New special teams coordinator intrigued by talent on roster


Special teams coordinator Amos Jones (right) and head coach Bruce Arians share a laugh at Jones' press conference Friday.

Amos Jones knew what he had in Patrick Peterson two years before he got the chance to coach the Cardinals' multi-dimensional playmaker.

Then an assistant with the Pittsburgh Steelers, Jones attended Louisiana State's pro day in 2011 and watched Peterson, then a junior in college, snag balls along the sidelines with the grace of a receiver.

"I'm glad (the Cardinals) drafted him," Jones said with a laugh. "Shoot, he's an offensive guy on defense as far as we're concerned. I'm just glad coach told me I could use him. Wouldn't y'all?"

But that doesn't make Peterson, a two-time Pro Bowler, exempt from Jones' unit-wide review. Despite the Cardinals having among the best special teams in the league the last few seasons, Jones, in his southern drawl, made it clear no one can rest on their laurels.

Jones, who was introduced as the Cardinals' special teams coordinator Friday, will inherit a unit with a growing reputation for "splash" plays. Last season, the Cardinals blocked three kicks, including one that led to an 82-yard touchdown return by Justin Bethel.

With Calais Campbell pushing up front, Bethel coming off the edge and Peterson back to return, the foundation is already there for Jones to build on.

"Well, the biggest thing guys like that afford you is you don't have to scheme," he said. "You don't have to go in the drawing board every week and say, 'Hey, here's the scheme of the week.'

"It's, 'Line up and get off the ball.' "

It's not just the blocked kicks or return game that has Jones excited. He's inheriting a kicking unit that was the backbone of last year's team. Punter Dave Zastudil set an NFL record for punts inside the 20-yard-line, a feat Jones wants to better by aiming for most punts inside the 10. Kicker Jay Feely surpassed 100 points for the eighth time in his career. And both men relied on long snapper Mike Leach to get them the ball.

But just because they've had success in the past doesn't mean the Cardinals are free to roam as they please under Jones.

The former high school history teacher will set parameters in place for everyone, including Peterson, but he'll also have his own limits.

"You can't second-guess them," Jones said of his players. "If you do, you take the aggressiveness away from them and we want aggressiveness as long as he's got good catch procedures, which (Peterson's) shown. We'll live with some things but he'll have parameters on what he's got to do."

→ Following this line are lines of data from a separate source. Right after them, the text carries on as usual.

(* Let $N,T\in\mathbb{N}^*$, $\rho>0$, $\alpha\in\mathbb{R}$. Let $W$ be an $N\times N$ random matrix with i.i.d. $\mathcal{N}(0,\rho^2/N^{2\alpha})$ entries, and $B_{T,N}$ its generalised matrix of moments of order $T$. For $l_1,l_2\in\{0,\ldots,T\}$: (i) if $l_1+l_2$ is odd then $B_{T,N}(l_1,l_2)=0$; (ii) if $l_1+l_2$ is even and $\frac{l_1+l_2}2+1\le N$, writing $s=l_1+l_2$, \[ \rho^{s}\frac{N(N-1)\cdots(N-\frac s2)}{N^{\alpha s}}\delta_{l_1,l_2}\le B_{T,N}(l_1,l_2)\le\rho^{s}N^{s(\frac12-\alpha)+1}\delta_{l_1,l_2}+\rho^{s}m_{s}\left(\frac s2\right)^{s}N^{s(\frac12-\alpha)}, \] where $\delta_{l_1,l_2}$ is the Kronecker delta.
   Context: $m_t:=\mathbb{E}X^t$ for a standard Gaussian $X$. Generalised matrix of moments: for $i\in[N]$, $\beta_{i,0}=1$, $\beta_{i,l}=\sum_{i_1,\ldots,i_l=1}^N W_{ii_1}\cdots W_{i_{l-1}i_l}$ for $l\ge1$, and $B_{T,N}(l_1,l_2)=\mathbb{E}\sum_{i=1}^N\beta_{i,l_1}\beta_{i,l_2}$. *)

theory Defs
  imports "HOL-Probability.Probability"
begin

definition gauss_moment :: "nat \<Rightarrow> real" where
  "gauss_moment t = (\<integral>x. std_normal_density x * x ^ t \<partial>lborel)"

text \<open>beta_{i,l} for an N x N matrix w (indices 0..N-1):
  sum over i_1..i_l in [N] of W_{i i_1} W_{i_1 i_2} ... W_{i_{l-1} i_l};
  the path p : {0..<l} -> [N] encodes (i_1,...,i_l) = (p 0, ..., p (l-1)).
  For l = 0 this is the empty sum-over-one-path of the empty product, i.e. 1.\<close>
definition beta :: "nat \<Rightarrow> (nat \<times> nat \<Rightarrow> real) \<Rightarrow> nat \<Rightarrow> nat \<Rightarrow> real" where
  "beta N w i l = (\<Sum>p\<in>({..<l} \<rightarrow>\<^sub>E {..<N}).
      \<Prod>k<l. w (if k = 0 then i else p (k - 1), p k))"

definition gen_moment_matrix ::
  "'a measure \<Rightarrow> nat \<Rightarrow> ('a \<Rightarrow> nat \<times> nat \<Rightarrow> real) \<Rightarrow> nat \<Rightarrow> nat \<Rightarrow> real" where
  "gen_moment_matrix M N W l1 l2 =
     (\<integral>\<omega>. (\<Sum>i<N. beta N (W \<omega>) i l1 * beta N (W \<omega>) i l2) \<partial>M)"

end

theory Submission
  imports Defs
begin

text \<open>
  Expanding both \<open>\<beta>\<close>'s, \<open>B(l\<^sub>1, l\<^sub>2)\<close> is a sum over a root \<open>i\<close>
  and two walks \<open>p\<close>, \<open>q\<close> from \<open>i\<close> of lengths \<open>l\<^sub>1\<close>, \<open>l\<^sub>2\<close> of
  \<open>E \<Prod>\<^sub>e W\<^sub>e^c\<^sub>e\<close>, where \<open>c\<^sub>e\<close> counts the traversals of the edge \<open>e\<close>
  by both walks. By independence this is \<open>\<sigma>^(l\<^sub>1+l\<^sub>2) \<Prod>\<^sub>e m(c\<^sub>e)\<close> with
  \<open>\<sigma> = \<rho> / N^\<alpha>\<close>, which vanishes unless every \<open>c\<^sub>e\<close> is even; in particular
  \<open>B = 0\<close> when \<open>l\<^sub>1 + l\<^sub>2\<close> is odd. With all \<open>c\<^sub>e\<close> even there are at most
  \<open>(l\<^sub>1+l\<^sub>2)/2\<close> edges, hence at most \<open>(l\<^sub>1+l\<^sub>2)/2 + 1\<close> vertices, and
  equality forces the edges to form a tree which both walks traverse without
  backtracking: \<open>p = q\<close> is self-avoiding and contributes exactly \<open>\<sigma>^(l\<^sub>1+l\<^sub>2)\<close>.
  There are \<open>N(N-1)\<cdots>(N-l\<^sub>1)\<close> such terms, all with \<open>l\<^sub>1 = l\<^sub>2\<close>. Every
  other term uses at most \<open>(l\<^sub>1+l\<^sub>2)/2\<close> vertices, so there are at most
  \<open>((l\<^sub>1+l\<^sub>2)/2)^(l\<^sub>1+l\<^sub>2) N^((l\<^sub>1+l\<^sub>2)/2)\<close> of them, each bounded by
  \<open>\<sigma>^(l\<^sub>1+l\<^sub>2) m(l\<^sub>1+l\<^sub>2)\<close> since \<open>m(a) m(b) \<le> m(a + b)\<close>.
\<close>

section \<open>Walks and their edge multiplicities\<close>

definition walk_edge :: "nat \<Rightarrow> nat list \<Rightarrow> nat \<Rightarrow> nat \<times> nat" where
  "walk_edge i p t = ((i # p) ! t, p ! t)"

definition edge_mult :: "nat \<Rightarrow> nat list \<Rightarrow> nat \<times> nat \<Rightarrow> nat" where
  "edge_mult i p e = card {t. t < length p \<and> walk_edge i p t = e}"

definition joint_edge_mult :: "nat \<Rightarrow> nat list \<Rightarrow> nat list \<Rightarrow> nat \<times> nat \<Rightarrow> nat" where
  "joint_edge_mult i p q e = edge_mult i p e + edge_mult i q e"

lemma edge_mult_zero_iff: "edge_mult i p e = 0 \<longleftrightarrow> (\<forall>t<length p. walk_edge i p t \<noteq> e)"
  unfolding edge_mult_def by auto

lemma sum_edge_mult:
  assumes "finite D" "\<And>t. t < length p \<Longrightarrow> walk_edge i p t \<in> D"
  shows "(\<Sum>e\<in>D. edge_mult i p e) = length p"
proof -
  have "(\<Sum>e\<in>D. \<Sum>t\<in>{t \<in> {..<length p}. walk_edge i p t = e}. (1::nat)) = (\<Sum>t<length p. 1)"
    using assms by (intro sum.group) auto
  then show ?thesis
    by (simp add: edge_mult_def)
qed

lemma prod_walk_edge:
  assumes "finite D" "\<And>t. t < length p \<Longrightarrow> walk_edge i p t \<in> D"
  shows "(\<Prod>t<length p. g (walk_edge i p t)) = (\<Prod>e\<in>D. g e ^ edge_mult i p e)"
proof -
  have "(\<Prod>t<length p. g (walk_edge i p t))
      = (\<Prod>e\<in>D. \<Prod>t\<in>{t \<in> {..<length p}. walk_edge i p t = e}. g (walk_edge i p t))"
    using assms by (intro prod.group[symmetric]) auto
  also have "\<dots> = (\<Prod>e\<in>D. \<Prod>t\<in>{t. t < length p \<and> walk_edge i p t = e}. g e)"
    by (intro prod.cong) auto
  finally show ?thesis
    unfolding edge_mult_def by simp
qed

lemma distinct_walk_if_inj_on_snd:
  assumes start: "i \<notin> snd ` D" and inj: "inj_on snd D"
    and edges: "\<And>t. t < length p \<Longrightarrow> walk_edge i p t \<in> D"
  shows "distinct (i # p)"
proof -
  have "(i # p) ! a \<noteq> (i # p) ! b" if "a < b" "b \<le> length p" for a b
    using that
  proof (induction a arbitrary: b)
    case 0
    then obtain b' where "b = Suc b'" "b' < length p" by (cases b) auto
    with edges[of b'] start show ?case by (force simp: walk_edge_def)
  next
    case (Suc a)
    then obtain b' where b: "b = Suc b'" "b' < length p" "a < b'" by (cases b) auto
    show ?case
    proof
      assume "(i # p) ! Suc a = (i # p) ! b"
      then have "snd (walk_edge i p a) = snd (walk_edge i p b')"
        using b by (simp add: walk_edge_def)
      moreover have "walk_edge i p a \<in> D" "walk_edge i p b' \<in> D"
        using edges b by auto
      ultimately have "walk_edge i p a = walk_edge i p b'"
        using inj by (meson inj_onD)
      then have "(i # p) ! a = (i # p) ! b'" by (simp add: walk_edge_def)
      with Suc.IH[of b'] b show False by simp
    qed
  qed
  then have "\<forall>a<length (i # p). \<forall>b<length (i # p). a \<noteq> b \<longrightarrow> (i # p) ! a \<noteq> (i # p) ! b"
    by (auto simp del: nth_Cons_Suc elim!: linorder_neqE_nat) (metis less_Suc_eq_le)+
  then show ?thesis
    by (simp only: distinct_conv_nth)
qed

lemma walk_edge_inj:
  assumes "distinct (i # p)" "a < length p" "b < length p" "walk_edge i p a = walk_edge i p b"
  shows "a = b"
  using assms by (simp add: walk_edge_def nth_eq_iff_index_eq del: nth_Cons_Suc)

lemma edge_mult_le_1:
  assumes "distinct (i # p)"
  shows "edge_mult i p e \<le> 1"
  unfolding edge_mult_def using walk_edge_inj[OF assms]
  by (simp only: One_nat_def, subst card_le_Suc0_iff_eq) auto

definition edge_set :: "nat \<Rightarrow> nat list \<Rightarrow> (nat \<times> nat) set" where
  "edge_set i p = walk_edge i p ` {..<length p}"

lemma snd_edge_set: "snd ` edge_set i p = set p"
  by (auto simp: edge_set_def walk_edge_def image_iff in_set_conv_nth)

lemma edge_mult_pos_iff: "0 < edge_mult i p e \<longleftrightarrow> e \<in> edge_set i p"
  unfolding edge_mult_def edge_set_def by (subst card_gt_0_iff) auto

lemma walk_edge_covered_by_other_walk:
  assumes even: "\<And>e. even (joint_edge_mult i p q e)"
    and "distinct (i # p)" "distinct (i # q)" "t < length p"
  shows "walk_edge i p t \<in> edge_set i q"
proof -
  let ?e = "walk_edge i p t"
  have "0 < edge_mult i p ?e"
    using edge_mult_pos_iff[of i p ?e] assms(4) by (simp add: edge_set_def)
  then have "edge_mult i p ?e = 1"
    using edge_mult_le_1[OF assms(2), of ?e] by linarith
  with even[of ?e] have "odd (edge_mult i q ?e)"
    by (simp add: joint_edge_mult_def)
  then show ?thesis
    using edge_mult_pos_iff[of i q ?e] by (auto intro: odd_pos)
qed

lemma walk_prefix_of_covering_walk:
  assumes distinct: "distinct (i # q)" and covered: "edge_set i p \<subseteq> edge_set i q"
  shows "t < length p \<Longrightarrow> t < length q \<and> p ! t = q ! t"
proof (induction t rule: less_induct)
  case (less t)
  obtain r where r: "r < length q" "walk_edge i q r = walk_edge i p t"
    using covered less.prems by (auto simp: edge_set_def)
  have same_start: "(i # p) ! t = (i # q) ! t \<and> t \<le> length q"
    using less.IH[of "t - 1"] less.prems by (cases t) auto
  then have "(i # q) ! r = (i # q) ! t"
    using r(2) by (simp add: walk_edge_def)
  with distinct r(1) same_start have "r = t"
    by (simp add: nth_eq_iff_index_eq del: nth_Cons_Suc)
  with r show ?case by (simp add: walk_edge_def)
qed
lemma cmod_pairing_assemblage_le:
  fixes A :: "'x::finite \<Rightarrow> complex^'d^'d"
  assumes herm: "\<And>x. cadj (A x) = A x" and invol: "\<And>x. A x ** A x = mat 1"
    and F1: "\<And>x. F x 1 = (1/2::real) *\<^sub>R A x"
    and F2: "\<And>x. F x 2 = - ((1/2::real) *\<^sub>R A x)"
    and "assemblage \<sigma>"
  shows "cmod (pairing F \<sigma>) \<le> real CARD('x) / 2"
proof -
  have psd: "psd (\<sigma> x 1)" "psd (\<sigma> x 2)" and tr: "trace (\<sigma> x 1) + trace (\<sigma> x 2) = 1" for x
    using \<open>assemblage \<sigma>\<close> by (auto simp: assemblage_def trace_add)
  have "cmod (trace (A x ** (\<sigma> x 1 - \<sigma> x 2))) \<le> 1" for x
  proof -
    have "cmod (trace (A x ** (\<sigma> x 1 - \<sigma> x 2)))
        \<le> cmod (trace (A x ** \<sigma> x 1)) + cmod (trace (A x ** \<sigma> x 2))"
      by (simp add: matrix_diff_ldistrib trace_sub norm_triangle_ineq4)
    also have "\<dots> \<le> Re (trace (\<sigma> x 1)) + Re (trace (\<sigma> x 2))"
      using trace_involution_psd(2)[OF herm invol psd(1)] trace_involution_psd(2)[OF herm invol psd(2)]
      by (rule add_mono)
    also have "\<dots> = 1"
      using arg_cong[OF tr[of x], of Re] by simp
    finally show ?thesis .
  qed
  then have "cmod (pairing F \<sigma>) \<le> (\<Sum>x::'x\<in>UNIV. 1/2)"
    unfolding pairing_eq_sum_trace_diff[OF F1 F2]
    by (intro order.trans[OF norm_sum] sum_mono) simp
  then show ?thesis
    by simp
qed

lemma cmod_pairing_lhs_model_le:
  fixes A :: "'x::finite \<Rightarrow> complex^'d^'d"
  assumes herm: "\<And>x. cadj (A x) = A x"
    and anticomm: "\<And>x y. A x ** A y + A y ** A x = (if x = y then mat 2 else mat 0)"
    and F1: "\<And>x. F x 1 = (1/2::real) *\<^sub>R A x"
    and F2: "\<And>x. F x 2 = - ((1/2::real) *\<^sub>R A x)"
    and "lhs_model \<sigma>"
  shows "cmod (pairing F \<sigma>) \<le> sqrt (real CARD('x)) / 2"
proof -
  obtain m :: nat and q \<rho> p where q_nonneg: "\<forall>l<m. 0 \<le> q l" and q_sum: "(\<Sum>l<m. q l) = 1"
    and dens: "\<forall>l<m. density (\<rho> l)"
    and p_prob: "\<forall>l<m. \<forall>x. 0 \<le> p l x 1 \<and> 0 \<le> p l x 2 \<and> p l x 1 + p l x 2 = 1"
    and \<sigma>_eq: "\<forall>x. \<forall>a\<in>{1,2}. \<sigma> x a = (\<Sum>l<m. (q l * p l x a) *\<^sub>R \<rho> l)"
    using \<open>lhs_model \<sigma>\<close> unfolding lhs_model_def by blast
  define T where "T x l = cmod (trace (A x ** \<rho> l))" for x l
  have "trace (A x ** (\<sigma> x 1 - \<sigma> x 2))
      = (\<Sum>l<m. (q l * (p l x 1 - p l x 2)) *\<^sub>R trace (A x ** \<rho> l))" for x
    using \<sigma>_eq
    by (simp add: matrix_diff_ldistrib matrix_sum_ldistrib trace_sub trace_sum trace_scaleR
        matrix_scalar_ac scalar_matrix_assoc[symmetric] sum_subtractf[symmetric]
        right_diff_distrib scaleR_diff_left)
  then have row: "cmod (trace (A x ** (\<sigma> x 1 - \<sigma> x 2))) \<le> (\<Sum>l<m. q l * T x l)" for x
  proof (simp only:, intro order.trans[OF norm_sum] sum_mono)
    fix l assume "l \<in> {..<m}"
    then have l: "l < m"
      by simp
    have "\<bar>p l x 1 - p l x 2\<bar> \<le> 1"
      using p_prob[rule_format, OF l, of x] by (simp add: abs_le_iff)
    then have "\<bar>q l * (p l x 1 - p l x 2)\<bar> \<le> q l"
      using q_nonneg l by (simp add: abs_mult mult_left_le)
    then show "cmod ((q l * (p l x 1 - p l x 2)) *\<^sub>R trace (A x ** \<rho> l)) \<le> q l * T x l"
      by (simp add: T_def mult_right_mono)
  qed
  have col: "(\<Sum>x\<in>UNIV. T x l) \<le> sqrt (real CARD('x))" if "l < m" for l
    unfolding T_def using sum_anticommuting_expectations_le_sqrt[OF herm anticomm] dens that by blast
  have "cmod ((1/2::real) *\<^sub>R trace (A x ** (\<sigma> x 1 - \<sigma> x 2))) \<le> 1/2 * (\<Sum>l<m. q l * T x l)"
    for x
    using row[of x] by simp
  then have "cmod (pairing F \<sigma>) \<le> (\<Sum>x\<in>UNIV. 1/2 * (\<Sum>l<m. q l * T x l))"
    unfolding pairing_eq_sum_trace_diff[OF F1 F2] by (intro order.trans[OF norm_sum] sum_mono)
  also have "\<dots> = 1/2 * (\<Sum>l<m. q l * (\<Sum>x\<in>UNIV. T x l))"
    by (simp add: sum_distrib_left) (rule sum.swap)
  also have "\<dots> \<le> 1/2 * (\<Sum>l<m. q l * sqrt (real CARD('x)))"
    using q_nonneg col by (intro mult_left_mono sum_mono) auto
  also have "\<dots> = sqrt (real CARD('x)) / 2"
    by (simp add: sum_distrib_right[symmetric] q_sum)
  finally show ?thesis .
qed

text \<open>Bob's assemblage when Alice measures the projections \<open>P\<^sup>\<plusminus>(A\<^sub>x)\<close> on a maximally
  entangled state: \<open>\<sigma>\<^sub>x\<^sup>a = P\<^sup>\<plusminus>(A\<^sub>x) / d\<close>, with outcome 1 for \<open>+\<close> and 2 for \<open>-\<close>.\<close>
definition entangled_assemblage :: "('x \<Rightarrow> complex^'d^'d) \<Rightarrow> 'x \<Rightarrow> nat \<Rightarrow> complex^'d^'d" where
  "entangled_assemblage A x a = (1 / real CARD('d)) *\<^sub>R eigenproj (A x) (if a = 1 then 1 else -1)"

lemma entangled_assemblage_add:
  fixes A :: "'x \<Rightarrow> complex^'d^'d"
  shows "entangled_assemblage A x 1 + entangled_assemblage A x 2 = (1 / real CARD('d)) *\<^sub>R mat 1"
  by (simp add: entangled_assemblage_def scaleR_add_right[symmetric] eigenproj_add)

lemma entangled_assemblage_diff:
  fixes A :: "'x \<Rightarrow> complex^'d^'d"
  shows "entangled_assemblage A x 1 - entangled_assemblage A x 2 = (1 / real CARD('d)) *\<^sub>R A x"
  by (simp add: entangled_assemblage_def scaleR_diff_right[symmetric] eigenproj_diff)

lemma assemblage_entangled_assemblage:
  fixes A :: "'x::finite \<Rightarrow> complex^'d^'d"
  assumes herm: "\<And>x. cadj (A x) = A x" and invol: "\<And>x. A x ** A x = mat 1"
  shows "assemblage (entangled_assemblage A)"
  unfolding assemblage_def entangled_assemblage_add
proof (intro conjI allI ballI refl)
  show "psd (entangled_assemblage A x a)" for x a
    by (simp add: entangled_assemblage_def psd_scaleR psd_eigenproj herm invol)
  show "trace ((1 / real CARD('d)) *\<^sub>R mat 1 :: complex^'d^'d) = 1"
    by (simp only: trace_scaleR trace_I) (simp add: scaleR_conv_of_real)
qed

lemma pairing_entangled_assemblage:
  fixes A :: "'x::finite \<Rightarrow> complex^'d^'d"
  assumes invol: "\<And>x. A x ** A x = mat 1"
    and F1: "\<And>x. F x 1 = (1/2::real) *\<^sub>R A x"
    and F2: "\<And>x. F x 2 = - ((1/2::real) *\<^sub>R A x)"
  shows "pairing F (entangled_assemblage A) = of_real (real CARD('x) / 2)"
proof -
  have "trace (A x ** ((1 / real CARD('d)) *\<^sub>R A x)) = 1" for x
    by (simp add: matrix_scalar_ac scalar_matrix_assoc[symmetric] invol trace_scaleR trace_I)
      (simp add: scaleR_conv_of_real)
  then show ?thesis
    unfolding pairing_eq_sum_trace_diff[OF F1 F2] entangled_assemblage_diff
    by (simp add: scaleR_conv_of_real)
qed

lemma density_normalize:
  assumes psd: "psd P" and pos: "0 < Re (trace P)"
  shows "density ((1 / Re (trace P)) *\<^sub>R P)"
proof -
  have "trace P = of_real (Re (trace P))"
    using trace_psd(1)[OF psd] by (simp add: complex_eq_iff)
  then have "trace ((1 / Re (trace P)) *\<^sub>R P) = (1 / Re (trace P)) *\<^sub>R of_real (Re (trace P))"
    by (simp only: trace_scaleR)
  also have "\<dots> = 1"
    using pos by (simp add: scaleR_conv_of_real)
  finally show ?thesis
    using psd pos by (simp add: density_def psd_scaleR)
qed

A University of Alabama product, Jones spent most of his coaching career in the college ranks before joining Bruce Arians and the Pittsburgh Steelers in 2007 as a special teams assistant. He was promoted in the middle of last year's preseason to special teams coach.

This will be the first time in Jones' career he will be calling all the shots with his players in his system. Among all the changes Jones is going through right now, the biggest is working with a crop of younger players – with the exception of Feely, Zastudil and Leach. Jones will dig through his own history book for a lesson from Arians to help get him through the adjustments.

"They're our guys so we're going to make them be our guys,' Jones said. "We're going to coach them up, love them up and expect big plays out of them."

On Friday, Arians gave Jones a history lesson. When Arians coached Temple University in the early 1980s, he became one of the first college head coaches to implement a specific coach just for special teams – Jones. Now Jones will have five or six other coaches under him who are designated to work on various areas of the unit, and Arians plans on starting each practice with special teams.

"We need more sets of eyes and hands," Arians said. "The smaller the class, the better the learning.

"(Amos) is a great teacher. He knows how to get it taught, how to get it done. It's one thing to have knowledge and it's another thing to be able to teach it. And he can flat teach it."